● INSTRUCTIONS FOR THE TASK:
Every line with the string "lambda" in it belongs in your answer, so copy them all from the data.

● DATA SHOWN:
lemma choices_marginal:
  assumes b: "\<beta> > 0" and t1: "t \<ge> 1" and tT: "t \<le> T"
  shows "map_pmf (take (t - 1)) (choices \<beta> T) = choices \<beta> t"
  using tT
proof (induction T rule: dec_induct)
  case base
  have "map_pmf (take (t - 1)) (choices \<beta> t) = map_pmf id (choices \<beta> t)"
    by (rule map_pmf_cong) (use set_choices[OF b, of t] in auto)
  thus ?case by simp
next
  case (step T)
  have T0: "T \<noteq> 0" using step.hyps t1 by auto
  have "map_pmf (take (t - 1)) (choices \<beta> (Suc T)) =
      bind_pmf (choices \<beta> T) (\<lambda>xs. map_pmf (take (t - 1)) (map_pmf (\<lambda>f. xs @ [f]) (fpmf \<beta> T)))"
    using T0 by (simp add: map_bind_pmf)
  also have "\<dots> = bind_pmf (choices \<beta> T) (\<lambda>xs. return_pmf (take (t - 1) xs))"
  proof (rule bind_pmf_cong[OF refl])
    fix xs assume "xs \<in> set_pmf (choices \<beta> T)"
    hence "length xs = T - 1" using set_choices[OF b, of T] by auto
    hence "take (t - 1) (xs @ [f]) = take (t - 1) xs" for f using step.hyps by simp
    thus "map_pmf (take (t - 1)) (map_pmf (\<lambda>f. xs @ [f]) (fpmf \<beta> T)) = return_pmf (take (t - 1) xs)"
      by (simp add: map_pmf_comp)
  qed
  also have "\<dots> = map_pmf (take (t - 1)) (choices \<beta> T)" by (simp add: map_pmf_def)
  finally show ?case using step.IH by simp
qed

lemma maxdegH_take: "t \<ge> 1 \<Longrightarrow> maxdegH m (take (t - 1) fs) t = maxdegH m fs t"
proof -
  assume t1: "t \<ge> 1"
  have "degH m (take (t - 1) fs) t j = degH m fs t j" for j
    unfolding degH_def by (intro arg_cong2[where f="(+)"] refl card_filter_cong) (use t1 head_take in auto)
  thus ?thesis unfolding maxdegH_def by simp
qed
(* Let $Q$ be a non-degenerate self-intersecting quadrangle of perimeter $2$. Then its dual quadrangle $Q^\circ$ is also self-intersecting.
   Context: Identify $\mathbb{R}^2$ with $\mathbb{C}$. A quadrangle $Q=ABCD$ is an ordered 4-tuple of points $A,B,C,D\in\mathbb{C}$: $A$ is the first vertex and the order $A\to B\to C\to D\to A$ is the direction of traversal. Its edge vectors are $z_1=B-A$, $z_2=C-B$, $z_3=D-C$, $z_4=A-D$, so $z_1+z_2+z_3+z_4=0$; its perimeter is $|z_1|+|z_2|+|z_3|+|z_4|$. $Q$ is non-degenerate if each pair of consecutive edge vectors $(z_1,z_2),(z_2,z_3),(z_3,z_4),(z_4,z_1)$ consists of nonzero, non-collinear vectors. A non-degenerate quadrangle is self-intersecting if one of the pairs of opposite edges (segments $AB$ and $CD$, or $BC$ and $DA$) intersect; it is convex if it is not self-intersecting and all its interior angles are less than $\pi$; it is non-convex if it is neither self-intersecting nor convex. Associated plane: for a non-degenerate $Q$ of perimeter $2$, choose $u_1,\dots,u_4\in\mathbb{C}$ with $u_k^2=z_k$, where $u_1$ is an arbitrary square root of $z_1$ and for $k=1,2,3$ the sign of $u_{k+1}$ is chosen so that $\operatorname{Im}(\overline{u_k}u_{k+1})$ has the same sign as $\operatorname{Im}(\overline{z_k}z_{k+1})$. Write $u_k=a_k+i b_k$ and $\bar a=(a_1,a_2,a_3,a_4)$, $\bar b=(b_1,b_2,b_3,b_4)$; these are orthonormal in $\mathbb{R}^4$. Let $\Pi=\operatorname{span}(\bar a,\bar b)$ and $\Pi^\perp$ its orthogonal complement. Dual quadrangle: choose an orthonormal basis $(\bar c,\bar d)$ of $\Pi^\perp$, put $w_k=(c_k+i d_k)^2$; then $\sum_k w_k=0$ and $\sum_k|w_k|=2$. The dual quadrangle $Q^\circ=KLMN$ is the quadrangle with $L-K=w_1$, $M-L=w_2$, $N-M=w_3$, $K-N=w_4$. It is determined up to rotation, reflection and translation. *)

theory Defs
  imports "HOL-Analysis.Analysis"
begin

type_synonym quad = "complex \<times> complex \<times> complex \<times> complex"

text \<open>Edge vectors, indexed 0..3: z_1 = B-A, z_2 = C-B, z_3 = D-C, z_4 = A-D.\<close>
definition edge :: "quad \<Rightarrow> nat \<Rightarrow> complex" where
  "edge Q k = (case Q of (A, B, C, D) \<Rightarrow>
     (if k = 0 then B - A else if k = 1 then C - B else if k = 2 then D - C else A - D))"

definition perimeter :: "quad \<Rightarrow> real" where
  "perimeter Q = (\<Sum>k<4. cmod (edge Q k))"

definition nondegenerate :: "quad \<Rightarrow> bool" where
  "nondegenerate Q \<longleftrightarrow> (\<forall>k<4. edge Q k \<noteq> 0 \<and> edge Q ((k + 1) mod 4) \<noteq> 0 \<and>
       \<not> collinear {0, edge Q k, edge Q ((k + 1) mod 4)})"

● ANSWER BELOW:
      bind_pmf (choices \<beta> T) (\<lambda>xs. map_pmf (take (t - 1)) (map_pmf (\<lambda>f. xs @ [f]) (fpmf \<beta> T)))"
  also have "\<dots> = bind_pmf (choices \<beta> T) (\<lambda>xs. return_pmf (take (t - 1) xs))"
    thus "map_pmf (take (t - 1)) (map_pmf (\<lambda>f. xs @ [f]) (fpmf \<beta> T)) = return_pmf (take (t - 1) xs)"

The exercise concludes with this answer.